An improved region-based convolutional neural networks (Faster R-CNN)-based fault
detection method for railway catenary insulators is proposed in response to the long detection time
of the conventional railroad catenary insulator fault, the low precision of the catenary insulator
fault detection for occlusion and truncation, the poor performance of multi-scale object detection,
and the processing of class unbalance problem.
The Faster R-CNN is optimized from four perspectives: feature extraction, feature fusion,
candidate box screening, and loss function, in accordance with the properties of the catenary
insulator. First, to solve the problem of multi-scale catenary insulator fault detection, convolutional
block attention module (CBAM) and feature pyramid network (FPN) are used to fuse the deep feature
and shallow features of the image. This results in a feature map with more critical semantic information
and higher resolution. After that, the weighted non-maximum suppression (WNMS) algorithm
improved by distance-intersection over union (DIOU) and Gaussian weighting function is
used instead of the traditional NMS algorithm, which effectively introduces the overlap of detection
frames into the confidence level and makes full use of the effective information of the detection
frames. Finally, the improved Focal loss is used as the classification loss, and the focusing parameter
and the balance factor of the Focal Loss are adjusted dynamically to solve the problem of
sample imbalance and difficult sample identification in the model better.

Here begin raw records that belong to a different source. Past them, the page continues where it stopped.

text \<open>If \<open>q - 1 = m (Q - 1)\<close>, the map \<open>x \<mapsto> x^m\<close> sends the \<open>q - 1\<close> units into the at most
  \<open>Q - 1\<close> units of \<open>subfield_pow Q\<close> with fibres of size at most \<open>m\<close>; so both bounds are attained.\<close>
lemma power_fibres_subfield_pow:
  fixes m Q :: nat
  assumes "card (UNIV :: 'a::{field, finite} set) - 1 = m * (Q - 1)" "m > 0" "Q > 1"
  shows "card (subfield_pow Q :: 'a set) = Q"
    and "\<And>t::'a. t \<in> subfield_pow Q \<Longrightarrow> t \<noteq> 0 \<Longrightarrow> card {x. x ^ m = t} = m"
proof -
  define U where "U = (subfield_pow Q :: 'a set) - {0}"
  define f where "f t = card {x::'a. x ^ m = t}" for t
  have "0 \<in> (subfield_pow Q :: 'a set)"
    using assms(3) by (simp add: zero_mem_subfield_pow)
  then have card_U: "card U = card (subfield_pow Q :: 'a set) - 1"
    by (simp add: U_def card_Diff_singleton)
  have "card (UNIV - {0::'a}) = card (\<Union>t\<in>U. {x. x ^ m = t})"
    using power_mem_subfield_pow[OF assms(1,2)] assms(2,3)
    by (intro arg_cong[where f = card]) (auto simp: U_def)
  also have "\<dots> = sum f U"
    unfolding f_def by (rule card_UN_disjoint) (auto simp: U_def)
  finally have "sum f U = m * (Q - 1)"
    using assms(1) by (simp add: card_Diff_singleton)
  moreover have "f t \<le> m" for t
  proof (cases "\<exists>x\<^sub>0. x\<^sub>0 \<noteq> 0 \<and> t = x\<^sub>0 ^ m")
    case True
    then obtain x\<^sub>0 where "x\<^sub>0 \<noteq> 0" "t = x\<^sub>0 ^ m"
      by blast
    then have "f t = card {x::'a. x ^ m = 1}"
      by (simp add: f_def card_power_eq_power)
    also have "\<dots> \<le> m"
      using card_power_eq_poly_le[where 'a='a, of "[:1:]" m] assms(2) by simp
    finally show ?thesis .
  next
    case False
    then have "{x::'a. x ^ m = t} \<subseteq> {0}"
      by auto
    then have "f t \<le> card {0::'a}"
      unfolding f_def by (intro card_mono) auto
    with assms(2) show ?thesis
      by simp
  qed
  moreover have "card (subfield_pow Q :: 'a set) \<le> Q"
    using card_power_eq_poly_le[where 'a='a, of "[:0, 1:]" Q] assms(3)
    by (simp add: subfield_pow_def)
  ultimately have "card U = Q - 1 \<and> (\<forall>t\<in>U. f t = m)"
    using assms(2) card_U by (intro sum_eq_bound_imp_card_eq_and_const) auto
  with card_U assms(3) show "card (subfield_pow Q :: 'a set) = Q"
      and "\<And>t::'a. t \<in> subfield_pow Q \<Longrightarrow> t \<noteq> 0 \<Longrightarrow> card {x. x ^ m = t} = m"
    by (auto simp: U_def f_def)
qed

lemma proj_class_eq_image: "proj_class S (x, y, z) = (\<lambda>c. (c * x, c * y, c * z)) ` (S - {0})"
  unfolding proj_class_def by auto

lemma card_proj_points_mult_eq_card_affine_cone:
  fixes S :: "'a::field set"
  assumes "finite S" "0 \<in> S" "1 \<in> S"
    and mult: "\<And>x y. x \<in> S \<Longrightarrow> y \<in> S \<Longrightarrow> x * y \<in> S"
    and inverse: "\<And>x. x \<in> S \<Longrightarrow> inverse x \<in> S"
    and homogeneous: "\<And>c x y z. c \<noteq> 0 \<Longrightarrow> P (x, y, z) \<Longrightarrow> P (c * x, c * y, c * z)"
  shows "card (proj_points S P) * (card S - 1) = card (affine_cone S P)"
proof -
  define V where "V = affine_cone S P"
  have class_sub: "proj_class S v \<subseteq> V" if "v \<in> V" for v
    using that by (cases v) (auto simp: V_def affine_cone_def proj_class_eq_image intro: mult homogeneous)
  have class_self: "v \<in> proj_class S v" for v
    using \<open>1 \<in> S\<close> by (cases v) (force simp: proj_class_eq_image)
  have card_class: "card (proj_class S v) = card S - 1" if "v \<in> V" for v
  proof (cases v)
    case (fields x y z)
    then have "inj_on (\<lambda>c. (c * x, c * y, c * z)) (S - {0})"
      using that by (auto simp: inj_on_def V_def affine_cone_def)
    then show ?thesis
      using assms(1,2) by (simp add: fields proj_class_eq_image card_image card_Diff_singleton)
  qed
  have class_eq: "proj_class S w = proj_class S v" if "w \<in> proj_class S v" for v w
  proof -
    obtain x y z where v: "v = (x, y, z)"
      by (cases v)
    from that obtain c where c: "c \<in> S" "c \<noteq> 0" "w = (c * x, c * y, c * z)"
      unfolding v proj_class_eq_image by auto
    have "(\<lambda>d. (d * (c * x), d * (c * y), d * (c * z))) ` (S - {0})
        = (\<lambda>d. (d * x, d * y, d * z)) ` ((\<lambda>d. d * c) ` (S - {0}))"
      by (simp add: image_image mult.assoc)
    also have "(\<lambda>d. d * c) ` (S - {0}) = S - {0}"
    proof (intro equalityI subsetI)
      fix d assume "d \<in> S - {0}"
      then show "d \<in> (\<lambda>d. d * c) ` (S - {0})"
        using c by (intro image_eqI[of _ _ "d * inverse c"]) (auto intro: mult inverse)
    qed (use c in \<open>auto intro: mult\<close>)
    finally show ?thesis
      unfolding c(3) v proj_class_eq_image .
  qed
  have "finite V"
    using assms(1) by (auto simp: V_def affine_cone_def intro: finite_subset[of _ "S \<times> S \<times> S"])
  have "(card S - 1) * card (proj_class S ` V) = card (\<Union> (proj_class S ` V))"
  proof (rule card_partition)
    show "finite (\<Union> (proj_class S ` V))"
      using \<open>finite V\<close> class_sub by (meson UN_least finite_subset)
    show "\<And>c1 c2. c1 \<in> proj_class S ` V \<Longrightarrow> c2 \<in> proj_class S ` V \<Longrightarrow> c1 \<noteq> c2 \<Longrightarrow> c1 \<inter> c2 = {}"
      using class_eq by blast
  qed (use \<open>finite V\<close> card_class in auto)
  moreover have "\<Union> (proj_class S ` V) = V"
    using class_sub class_self by blast
  ultimately show ?thesis
    by (simp add: proj_points_def V_def affine_cone_def mult.commute)
qed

The effects of SSD, YOLOV3, traditional Faster R-CNN and improved Faster R-CNN
models are tested on the contact network insulator fault detection dataset constructed in this paper,
and the experimental results show that the improved Faster R-CNN has higher precision, recall,
and mAP compared to the other detection models, which reach 94.31%, 96.68% and 95.22%, respectively.
The results of the experiments demonstrate that this method may successfully detect
the faults in different scale catenary insulators. It can effectively detect truncated, obscured faulty
catenary insulators. It has higher precision and recall and provides a reliable reference for maintaining
faulty insulators in railway catenary.